If, instead of working in the midst of differences without being deluded by them, our approach is an approach of artificial oneness, or attachment to a past experience of oneness, this will not enable skillfully responding to troublesome behavior or violence of those (including our self) stuck in self-centeredness. In not appreciating differences, not inhabiting differences, we fail to see “all beings are the wisdom and perfection of the Tathagatha.” Instead we exclude or suppress differences. This exclusion, this suppression, whether of “self” or “others,” is an artificial oneness and equality, a pernicious oneness, pernicious equality - lacking the interpenetration of differences, lacking the “backside” of differences; this is a non-harmonious equality. This pernicious equality can be as problematic as differences which lack the “backside” of equality or oneness. A practice antidote to this problematic is clarifying “form is exactly emptiness, emptiness exactly form” (Heart Sutra). (Form is the many forms of differences, many forms of being.)

There are similar statements in many traditions: our life is seeing G-d in all the many forms and conditions, responding to Jesus in everyone we meet, serving Allah in everyone we greet, responding to the Buddha in this moment of encounter. And when we respond as the Bodhisattva - and to the Bodhisattva - in this moment encounter, we manifest our Bodhisattva functioning in this moment encounter, we enable the “other” to be the Bodhisattva that they are.

The Bodhisattva precepts support us in seeing and responding to things as is, rather than clinging to beliefs about them. If we are trying to do away with differences, attempting to temporarily “wipe out” differences, that much we believe and hold to differences, that much we fail to see differences as they truly are, that much we miss non-attachment to differences. We are blinded by one-sided vision and delusions about differences.

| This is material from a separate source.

(* Let $(M,(I,C),L)$ be a circuit-generating abstract machine with $M$ well-typed of type $\mathtt{bit}^m$ in a context of variables of type $\mathtt{bit}$, and suppose $(M,(I,C),L)\to_{am}(N,(I,C'),L')$. Let $\vec u=(u_i)_{i\in I}$ be a family of booleans. Then one of the following holds: the rewrite step is one eliminating a boolean constant $\mathtt{tt}$ or $\mathtt{ff}$ and $T(M,(I,C),L)(\vec u)$ is equal to $T(N,(I,C'),L')(\vec u)$; or $T(M,(I,C),L)(\vec u)\to T(N,(I,C'),L')(\vec u)$ in one step of the small-step relation; or $N$ contains the term $\mathtt{Err}$.
   Context: **Language $\mathbf{PCF}^{\mathbf{list}}$.** Terms: $M,N,P::= x \mid \lambda x.M \mid MN \mid \langle M,N\rangle \mid \pi_1(M)\mid\pi_2(M)\mid \mathtt{skip}\mid \mathtt{let}\ \mathtt{skip}=M\ \mathtt{in}\ N \mid \mathtt{tt}\mid\mathtt{ff}\mid \mathtt{if}\ M\ \mathtt{then}\ N\ \mathtt{else}\ P \mid \mathtt{and}\mid\mathtt{xor}\mid\mathtt{not}\mid \mathtt{inj}_1(M)\mid\mathtt{inj}_2(M)\mid \mathtt{match}\ P\ \mathtt{with}\ (x\mapsto M\mid y\mapsto N)\mid \mathtt{split}\mid Y(M)\mid \mathtt{Err}$. Types: $A,B::=\mathtt{bit}\mid A\oplus B\mid A\times B\mid \mathbf 1\mid A\to B\mid [A]$. Typing rules (context $\Delta$): $\Delta,x:A\vdash x:A$; $\mathtt{tt},\mathtt{ff}:\mathtt{bit}$; $\mathtt{skip}:\mathbf 1$; $\mathtt{Err}:A$ for any $A$; $\mathtt{not}:\mathtt{bit}\to\mathtt{bit}$; $\mathtt{and},\mathtt{xor}:\mathtt{bit}\times\mathtt{bit}\to\mathtt{bit}$; $\mathtt{split}:[A]\to\mathbf 1\oplus(A\times[A])$; the usual rules for $\lambda$, application, pairs, projections, injections, $\mathtt{let}\ \mathtt{skip}$, and $\mathtt{match}$; if $\Delta\vdash M:\mathbf 1\oplus(A\times[A])$ then $\Delta\vdash M:[A]$; if $\Delta\vdash M:A\to A$ then $\Delta\vdash Y(M):A$; $\mathtt{if}\ P\ \mathtt{then}\ M\ \mathtt{else}\ N : C$ when $P:\mathtt{bit}$, $M,N:C$ and $C$ is first-order ($C::=\mathtt{bit}\mid C\times C\mid [C]$). Notation: $[M_1,\ldots,M_n]=\mathtt{inj}_2\langle M_1,\cdots\mathtt{inj}_2\langle M_n,\mathtt{inj}_1(\mathtt{skip})\rangle\rangle$, $\langle M_1,\ldots,M_n\rangle=\langle M_1,\langle\ldots,M_n\rangle\rangle$, $\mathtt{bit}^m$ the $m$-fold right-nested product of $\mathtt{bit}$. **Small-step semantics $\to$:** the smallest relation closed under arbitrary subterm contexts containing $(\lambda x.M)N\to M[N/x]$; $\pi_i\langle M_1,M_2\rangle\to M_i$; $\mathtt{let}\ \mathtt{skip}=\mathtt{skip}\ \mathtt{in}\ M\to M$; $\mathtt{if}\ \mathtt{tt}\ \mathtt{then}\ M\ \mathtt{else}\ N\to M$; $\mathtt{if}\ \mathtt{ff}\ \mathtt{then}\ M\ \mathtt{else}\ N\to N$; $\mathtt{split}\,M\to M$; $\mathtt{match}\ \mathtt{inj}_i(P)\ \mathtt{with}\ (x_1\mapsto M_1\mid x_2\mapsto M_2)\to M_i[P/x_i]$; $Y(M)\to M(Y(M))$; and the evident rules computing $\mathtt{not},\mathtt{and},\mathtt{xor}$ on the constants $\mathtt{tt},\mathtt{ff}$. $\mathtt{Err}$ does not reduce. **Reversible circuits.** A gate is $\mathrm{cnot}_i(b_1^{j_1}\ldots b_r^{j_r})$ with $i,j_1,\ldots,j_r$ natural numbers, $i\neq j_k$, $b_k$ booleans (written $\mathrm{not}_i$ if $r=0$); $\mathrm{wires}(C)$ is the set of all indices occurring in the gates of a list $C$. A circuit is $(I,C,O)$ with $C$ a list of gates and $I,O$ sets of wires. Executing $\mathrm{cnot}_i(b_1^{j_1}\ldots b_r^{j_r})$ on a valuation $v$ gives $w$ with $w_l=v_l$ for $l\neq i$ and $w_i=v_i\ \mathtt{xor}\ \bigwedge_{k}(v_{j_k}\ \mathtt{xor}\ b_k\ \mathtt{xor}\ \mathtt{tt})$ ($w_i=\mathtt{not}(v_i)$ if $r=0$). Executing $(I,C,O)$ on $(x_i)_{i\in I}$: set $v_k=x_k$ for $k\in I$ and $v_k=\mathtt{ff}$ otherwise, execute the gates of $C$ in reverse list order, return $(v_k)_{k\in O}$. **Abstract machines.** A circuit-generating abstract machine is $(M,(I,C),L)$ with $p_1:\mathtt{bit},\ldots,p_{n+k}:\mathtt{bit}\vdash M:\mathtt{bit}^m$, $I=\{1,\ldots,n\}$, $C$ a list of gates, $L$ a one-to-one map from the free variables of $M$ onto wires in $\mathrm{wires}(C)\cup I$. A first-order extension of $L$ is a term built from variables in the domain of $L$ using tuples and list literals; two have the same shape if both are tuples of equal size or lists of equal length with componentwise same shape. Beta-contexts $E[-]$ are one-hole contexts with the hole in any immediate subterm position of any constructor. $\to_{am}$: $(E[R],RC,L)\to_{am}(E[R'],RC,L)$ for $(\lambda x.M)N\mapsto M[N/x]$, $\pi_i\langle M_1,M_2\rangle\mapsto M_i$, $\mathtt{let}\ \mathtt{skip}=\mathtt{skip}\ \mathtt{in}\ M\mapsto M$, $\mathtt{split}\,M\mapsto M$, $\mathtt{match}\ \mathtt{inj}_i(P)\ldots\mapsto M_i[P/x_i]$, $Y(M)\mapsto M(Y(M))$; and the boolean rules, with $i_0$ a new wire, $p_{i_0}$ fresh, $L'=L\cup\{p_{i_0}\mapsto i_0\}$, $G::(I,C)=(I,G::C)$: $(E[\mathtt{ff}],RC,L)\to_{am}(E[p_{i_0}],RC,L')$; $(E[\mathtt{tt}],RC,L)\to_{am}(E[p_{i_0}],\mathrm{not}_{i_0}::RC,L')$; $(E[\mathtt{not}\ p_i],RC,L)\to_{am}(E[p_{i_0}],\mathrm{cnot}_{i_0}(\mathtt{ff}^{L(p_i)})::RC,L')$; $(E[\mathtt{and}\ p_i\ p_j],RC,L)\to_{am}(E[p_{i_0}],\mathrm{cnot}_{i_0}(\mathtt{tt}^{L(p_i)}\mathtt{tt}^{L(p_j)})::RC,L')$; $(E[\mathtt{xor}\ p_i\ p_j],RC,L)\to_{am}(E[p_{i_0}],\mathrm{cnot}_{i_0}(\mathtt{tt}^{L(p_i)})::\mathrm{cnot}_{i_0}(\mathtt{tt}^{L(p_j)})::RC,L')$; and for first-order extensions $V,W$ of $L$ of the same shape, $(E[\mathtt{if}\ p_i\ \mathtt{then}\ V\ \mathtt{else}\ W],RC,L)\to_{am}(E[U],RC',L'')$ where $U$ has the same shape with fresh pairwise-distinct variables $u_1,\ldots,u_r$ mapped by $L''\supseteq L$ to new distinct wires, and, with $v_j,w_j$ the corresponding variables of $V,W$, $RC'$ is $RC$ extended with the gates $\mathrm{cnot}_{u_j}(\mathtt{tt}^{p_i}\mathtt{tt}^{v_j})$ and $\mathrm{cnot}_{u_j}(\mathtt{ff}^{p_i}\mathtt{tt}^{w_j})$ (variables standing for their wires); if $V,W$ do not have the same shape it steps to $E[\mathtt{Err}]$. **Readback.** For $(M,(I,C),L)$ and $\vec u=(u_i)_{i\in I}$, let $v$ be the final valuation from executing $(I,C,\mathrm{Range}(L))$ on $\vec u$; $T(M,(I,C),L)(\vec u)$ is $M$ with each free variable $x$ replaced by the boolean constant $v_{L(x)}$. *)

theory Defs
  imports Main
begin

Manifesting equality as differences is appreciating and manifesting differences. Though equality wipes out attachment to and abiding in differences, this equality, this emptiness, does not deny differences. Emptiness is empty of emptiness. So, differences manifest equality, differences manifest emptiness – not one thing.

We fool our self and others when we fail to manifest equality as differences, fail to live this interpenetration of form and emptiness that we are, when we attempt to do away with or cover over differences in a “one-sided” oneness. A pernicious oneness can be a justification for self-criticisms, as well as criticism of those who celebrate their particularity, their traditions; forms of pernicious oneness have even been a justification for all sorts of violence.

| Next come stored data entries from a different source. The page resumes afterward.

(* Let $n\ge1$, let $G^\star=([n],E^\star)$ be a directed graph (directed cycles allowed), let $t\ge1$ and let $(a_0,a_1,\dots,a_{t+1})\in[n]^{t+2}$ be such that $a_i$ and $a_{i+1}$ are $p$-adjacent in $G^\star$ for all $i\in\{0,\dots,t\}$, and $a_i$ and $a_j$ are not $p$-adjacent in $G^\star$ for all $i\in\{2,\dots,t+1\}$ and $j\in\{0,\dots,i-2\}$. Then at least one of the following holds: (1) each of $a_1,\dots,a_t$ is an ancestor of $a_0$ or of $a_{t+1}$ in $G^\star$; or (2) there exist $j,\ell\in\{1,\dots,t\}$ with $j\le\ell$ such that $(a_{j-1},a_j,a_{j+1})$ and $(a_{\ell-1},a_\ell,a_{\ell+1})$ are mutually exclusive with respect to the uncovered itinerary $(a_{j-1},a_j,\dots,a_{\ell+1})$ in $G^\star$.
   Context: In a directed graph $G$, $a$ is an ancestor of $b$ if $a=b$ or there is a directed path from $a$ to $b$. Distinct vertices $a,b$ are $p$-adjacent in $G$ if there is an edge between them (in either direction), or $a$ and $b$ have a common child in $G$ that is an ancestor of $a$ or of $b$. For $s\ge1$ and vertices $b_0,b_1,\dots,b_{s+1}$, the triples $(b_0,b_1,b_2)$ and $(b_{s-1},b_s,b_{s+1})$ are mutually exclusive with respect to the uncovered itinerary $(b_0,\dots,b_{s+1})$ in $G$ if: $b_i$ and $b_{i-1}$ are $p$-adjacent for all $i\in\{1,\dots,s+1\}$; $b_i$ and $b_j$ are not $p$-adjacent for all $i\in\{2,\dots,s+1\}$, $j\in\{0,\dots,i-2\}$; $b_i$ is an ancestor of $b_{i+1}$ for all $i\in\{1,\dots,s-1\}$; $b_i$ is an ancestor of $b_{i-1}$ for all $i\in\{2,\dots,s\}$; and $b_1$ is an ancestor of neither $b_0$ nor $b_{s+1}$. *)

theory Defs
  imports Main
begin

definition ancestor :: "('a \<times> 'a) set \<Rightarrow> 'a \<Rightarrow> 'a \<Rightarrow> bool" where
  "ancestor E a b \<longleftrightarrow> a = b \<or> (a, b) \<in> E\<^sup>+"

definition p_adjacent :: "('a \<times> 'a) set \<Rightarrow> 'a \<Rightarrow> 'a \<Rightarrow> bool" where
  "p_adjacent E a b \<longleftrightarrow> a \<noteq> b \<and>
     ((a, b) \<in> E \<or> (b, a) \<in> E \<or>
      (\<exists>c. (a, c) \<in> E \<and> (b, c) \<in> E \<and> (ancestor E c a \<or> ancestor E c b)))"

text \<open>The triples (b 0, b 1, b 2) and (b (s-1), b s, b (s+1)) are mutually exclusive
  w.r.t. the uncovered itinerary (b 0, ..., b (s+1)).\<close>
definition mutually_exclusive :: "('a \<times> 'a) set \<Rightarrow> (nat \<Rightarrow> 'a) \<Rightarrow> nat \<Rightarrow> bool" where
  "mutually_exclusive E b s \<longleftrightarrow> s \<ge> 1 \<and>
     (\<forall>i\<in>{1..s+1}. p_adjacent E (b i) (b (i - 1))) \<and>
     (\<forall>i\<in>{2..s+1}. \<forall>j\<in>{0..i-2}. \<not> p_adjacent E (b i) (b j)) \<and>
     (\<forall>i\<in>{1..s-1}. ancestor E (b i) (b (i + 1))) \<and>
     (\<forall>i\<in>{2..s}. ancestor E (b i) (b (i - 1))) \<and>
     \<not> ancestor E (b 1) (b 0) \<and> \<not> ancestor E (b 1) (b (s + 1))"

end

theory Submission
  imports Defs
begin

text \<open>Pick an index \<open>i\<close> whose vertex is an ancestor of neither endpoint. Among the vertices of the
  itinerary reachable from \<open>a i\<close> there is one, \<open>a y\<close>, reaching as few itinerary vertices as possible;
  everything it reaches reaches it back, so the itinerary vertices reachable from \<open>a y\<close> form a
  strongly connected class avoiding both endpoints. The maximal run of consecutive indices
  around \<open>y\<close> inside this class, together with its two neighbours outside it, is the required
  pair of mutually exclusive triples.\<close>

lemma ancestor_iff_rtrancl: "ancestor E a b \<longleftrightarrow> (a, b) \<in> E\<^sup>*"
  by (auto simp: ancestor_def rtrancl_eq_or_trancl)

lemma ancestor_refl: "ancestor E a a"
  by (simp add: ancestor_def)

lemma ancestor_trans: "ancestor E a b \<Longrightarrow> ancestor E b c \<Longrightarrow> ancestor E a c"
  by (simp add: ancestor_iff_rtrancl)

lemma p_adjacent_sym: "p_adjacent E a b \<Longrightarrow> p_adjacent E b a"
  unfolding p_adjacent_def by blast

lemma finite_preorder_reaches_terminal:
  assumes "finite S" "x \<in> S" "reflp R" "transp R"
  shows "\<exists>y\<in>S. R x y \<and> (\<forall>z\<in>S. R y z \<longrightarrow> R z y)"
proof -
  define up where "up y = {w \<in> S. R y w}" for y
  obtain y where y: "y \<in> S \<and> R x y"
    and y_min: "\<And>z. z \<in> S \<and> R x z \<Longrightarrow> card (up y) \<le> card (up z)"
    using ex_has_least_nat[of "\<lambda>y. y \<in> S \<and> R x y" x "\<lambda>y. card (up y)"] assms(2,3)
    by (auto dest: reflpD)
  have "R z y" if "z \<in> S" "R y z" for z
  proof -
    have "up z \<subseteq> up y"
      using that assms(4) unfolding up_def by (auto dest: transpD)
    moreover have "card (up y) \<le> card (up z)"
      using y_min that y assms(4) by (blast dest: transpD)
    ultimately have "up z = up y"
      using assms(1) by (intro card_seteq) (auto simp: up_def)
    then show ?thesis
      using y assms(3) unfolding up_def by (auto dest: reflpD)
  qed
  then show ?thesis
    using y by blast
qed

lemma maximal_run_around:
  fixes K :: "nat set"
  assumes "y \<in> K" "lo \<notin> K" "lo \<le> y" "hi \<notin> K" "y \<le> hi"
  shows "\<exists>p q. lo \<le> p \<and> p < y \<and> y < q \<and> q \<le> hi \<and> p \<notin> K \<and> q \<notin> K \<and> {p<..<q} \<subseteq> K"
proof -
  define L where "L = {k. lo \<le> k \<and> k \<le> y \<and> k \<notin> K}"
  define U where "U = {k. y \<le> k \<and> k \<le> hi \<and> k \<notin> K}"
  have L: "finite L" "lo \<in> L" and U: "finite U" "hi \<in> U"
    using assms by (auto simp: L_def U_def)
  have "Max L \<in> L" "Min U \<in> U"
    using L U by (auto intro: Max_in Min_in)
  then have "lo \<le> Max L" "Max L < y" "Max L \<notin> K" "y < Min U" "Min U \<le> hi" "Min U \<notin> K"
    using assms(1) by (auto simp: L_def U_def le_less)
  moreover have "{Max L<..<Min U} \<subseteq> K"
  proof
    fix k assume k: "k \<in> {Max L<..<Min U}"
    have "lo \<le> k"
      using Max_ge[OF L] k by simp
    moreover have "k \<le> hi"
      using Min_le[OF U] k by simp
    ultimately have "k \<notin> K \<Longrightarrow> k \<in> L \<or> k \<in> U"
      by (auto simp: L_def U_def)
    then show "k \<in> K"
      using Max_ge[OF L(1), of k] Min_le[OF U(1), of k] k by auto
  qed
  ultimately show ?thesis
    by blast
qed

definition uncovered_itinerary :: "('a \<times> 'a) set \<Rightarrow> (nat \<Rightarrow> 'a) \<Rightarrow> nat \<Rightarrow> bool" where
  "uncovered_itinerary E b m \<longleftrightarrow>
     (\<forall>i<m. p_adjacent E (b i) (b (Suc i))) \<and>
     (\<forall>i\<le>m. \<forall>j. j + 2 \<le> i \<longrightarrow> \<not> p_adjacent E (b i) (b j))"

lemma uncovered_itineraryI:
  assumes "\<forall>i\<in>{0..m}. p_adjacent E (b i) (b (i + 1))"
    and "\<forall>i\<in>{2..m + 1}. \<forall>j\<in>{0..i - 2}. \<not> p_adjacent E (b i) (b j)"
  shows "uncovered_itinerary E b (m + 1)"
  unfolding uncovered_itinerary_def
proof (intro conjI allI impI)
  fix i assume "i < m + 1"
  then show "p_adjacent E (b i) (b (Suc i))"
    using assms(1) by simp
next
  fix i j assume "i \<le> m + 1" "j + 2 \<le> i"
  then show "\<not> p_adjacent E (b i) (b j)"
    using assms(2) by auto
qed

lemma uncovered_itinerary_shift:
  assumes "uncovered_itinerary E b m" "p + s \<le> m"
  shows "uncovered_itinerary E (\<lambda>i. b (p + i)) s"
  using assms unfolding uncovered_itinerary_def
  by (auto dest: spec[of _ "p + _"])

lemma mutually_exclusiveI:
  assumes "1 \<le> s" "uncovered_itinerary E b (s + 1)"
    and "\<And>i k. i \<in> {1..s} \<Longrightarrow> k \<in> {1..s} \<Longrightarrow> ancestor E (b i) (b k)"
    and "\<not> ancestor E (b 1) (b 0)" "\<not> ancestor E (b 1) (b (s + 1))"
  shows "mutually_exclusive E b s"
  unfolding mutually_exclusive_def
proof (intro conjI ballI)
  fix i assume "i \<in> {1..s + 1}"
  then show "p_adjacent E (b i) (b (i - 1))"
    using assms(2) unfolding uncovered_itinerary_def
    by (auto intro: p_adjacent_sym dest!: spec[of _ "i - 1"])
next
  fix i j assume "i \<in> {2..s + 1}" "j \<in> {0..i - 2}"
  then show "\<not> p_adjacent E (b i) (b j)"
    using assms(2) unfolding uncovered_itinerary_def by auto
next
  fix i assume "i \<in> {2..s}"
  moreover have "i - 1 \<in> {1..s}"
    using \<open>i \<in> {2..s}\<close> by auto
  ultimately show "ancestor E (b i) (b (i - 1))"
    using assms(3) by simp
qed (use assms in auto)

lemma strongly_connected_ancestor_run:
  fixes a :: "nat \<Rightarrow> 'a"
  assumes "i \<le> m" "\<not> ancestor E (a i) (a 0)" "\<not> ancestor E (a i) (a m)"
  obtains p q where "p + 1 < q" "q \<le> m"
    "\<And>k l. k \<in> {p<..<q} \<Longrightarrow> l \<in> {p<..<q} \<Longrightarrow> ancestor E (a k) (a l)"
    "\<not> ancestor E (a (p + 1)) (a p)" "\<not> ancestor E (a (p + 1)) (a q)"
proof -
  let ?R = "\<lambda>k l. ancestor E (a k) (a l)"
  have "\<exists>y\<in>{0..m}. ?R i y \<and> (\<forall>z\<in>{0..m}. ?R y z \<longrightarrow> ?R z y)"
    using assms(1) by (intro finite_preorder_reaches_terminal)
      (auto intro!: reflpI transpI ancestor_refl elim: ancestor_trans)
  then obtain y where y: "y \<in> {0..m}" "?R i y"
    and terminal: "\<forall>z\<in>{0..m}. ?R y z \<longrightarrow> ?R z y"
    by blast
  define K where "K = {k. ?R y k}"
  have "y \<in> K" "0 \<notin> K" "m \<notin> K"
    using assms(2,3) y(2) unfolding K_def by (auto intro: ancestor_refl dest: ancestor_trans)
  then obtain p q where pq: "p < y" "y < q" "q \<le> m" "p \<notin> K" "q \<notin> K" "{p<..<q} \<subseteq> K"
    using maximal_run_around[of y K 0 m] y(1) by auto
  show thesis
  proof
    show "p + 1 < q" "q \<le> m"
      using pq(1-3) by simp_all
    show "?R k l" if "k \<in> {p<..<q}" "l \<in> {p<..<q}" for k l
    proof -
      have "k \<in> {0..m}" "?R y k" "?R y l"
        using that pq(3,6) unfolding K_def by auto
      then show ?thesis
        using terminal by (blast intro: ancestor_trans)
    qed
    have "?R y (p + 1)"
      using pq(1,2,6) unfolding K_def by (simp add: subset_eq)
    then show "\<not> ?R (p + 1) p" "\<not> ?R (p + 1) q"
      using pq(4,5) unfolding K_def by (auto dest: ancestor_trans)
  qed
qed

theorem lemma3p12:
  fixes n t :: nat and E :: "(nat \<times> nat) set" and a :: "nat \<Rightarrow> nat"
  assumes "n \<ge> 1"
    and "E \<subseteq> {1..n} \<times> {1..n}"
    and "t \<ge> 1"
    and "\<forall>i\<in>{0..t+1}. a i \<in> {1..n}"
    and "\<forall>i\<in>{0..t}. p_adjacent E (a i) (a (i + 1))"
    and "\<forall>i\<in>{2..t+1}. \<forall>j\<in>{0..i-2}. \<not> p_adjacent E (a i) (a j)"
  shows "(\<forall>i\<in>{1..t}. ancestor E (a i) (a 0) \<or> ancestor E (a i) (a (t + 1))) \<or>
         (\<exists>j\<in>{1..t}. \<exists>l\<in>{1..t}. j \<le> l \<and>
            mutually_exclusive E (\<lambda>i. a (j - 1 + i)) (l - j + 1))"
proof (cases "\<forall>i\<in>{1..t}. ancestor E (a i) (a 0) \<or> ancestor E (a i) (a (t + 1))")
  case False
  then obtain i where i: "i \<in> {1..t}" "\<not> ancestor E (a i) (a 0)" "\<not> ancestor E (a i) (a (t + 1))"
    by blast
  obtain p q where pq: "p + 1 < q" "q \<le> t + 1"
    "\<And>k l. k \<in> {p<..<q} \<Longrightarrow> l \<in> {p<..<q} \<Longrightarrow> ancestor E (a k) (a l)"
    "\<not> ancestor E (a (p + 1)) (a p)" "\<not> ancestor E (a (p + 1)) (a q)"
    by (rule strongly_connected_ancestor_run[of i "t + 1"]) (use i in auto)
  have "uncovered_itinerary E a (t + 1)"
    using assms(5,6) by (rule uncovered_itineraryI)
  then have "mutually_exclusive E (\<lambda>k. a (p + k)) (q - p - 1)"
    using pq by (intro mutually_exclusiveI uncovered_itinerary_shift) auto
  moreover have "p + 1 \<in> {1..t}" "q - 1 \<in> {1..t}" "p + 1 \<le> q - 1" "q - 1 - (p + 1) + 1 = q - p - 1"
    using pq(1,2) by auto
  ultimately show ?thesis
    by force
qed simp

end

Superimposing an ideological equality can be a way to impose conformity, persecuting differences. It can justify persecution and biased treatment against particular political and social beliefs and groups, justifying violence and worse from governmental authorities, encouraging mobs such as in cultural revolutions, or terrorism by those who act against others whose differences offend their ideas of “correct” oneness, offend their vision of the “true” equality. These have been forms of political correctness, of political and religious oppression, in many societies.

Appreciating the interpenetration of emptiness and differences is appreciating the differences as they are, is appreciating the differences we meet from morning to night, whether “our own” or “others.” We know for our self that our encounters are indeed the wisdom and perfection of the Tathagatha, our life manifesting - and naturally respond accordingly. Ongoing practice enables us to see and experience differences as exactly emptiness, emptiness exactly differences; then we are not blinded by self-centered attachments to conditions, attachment to differences, attachment to equality, attachment to beliefs; being not-knowing, we see this life as is in the midst of ongoing arising/passing impermanence.

In noticing/practicing with attachments as they arise in life, we are not bound by them; body-mind experiencing - right here is non-attachment, right here is non-abiding. Right here - not a single thing; and we have to take care of this! We can choose skillfully and appropriately among the many forms of emptiness, many different forms of equality. We can support all we encounter to release clinging and be free of stress and suffering, be awake now.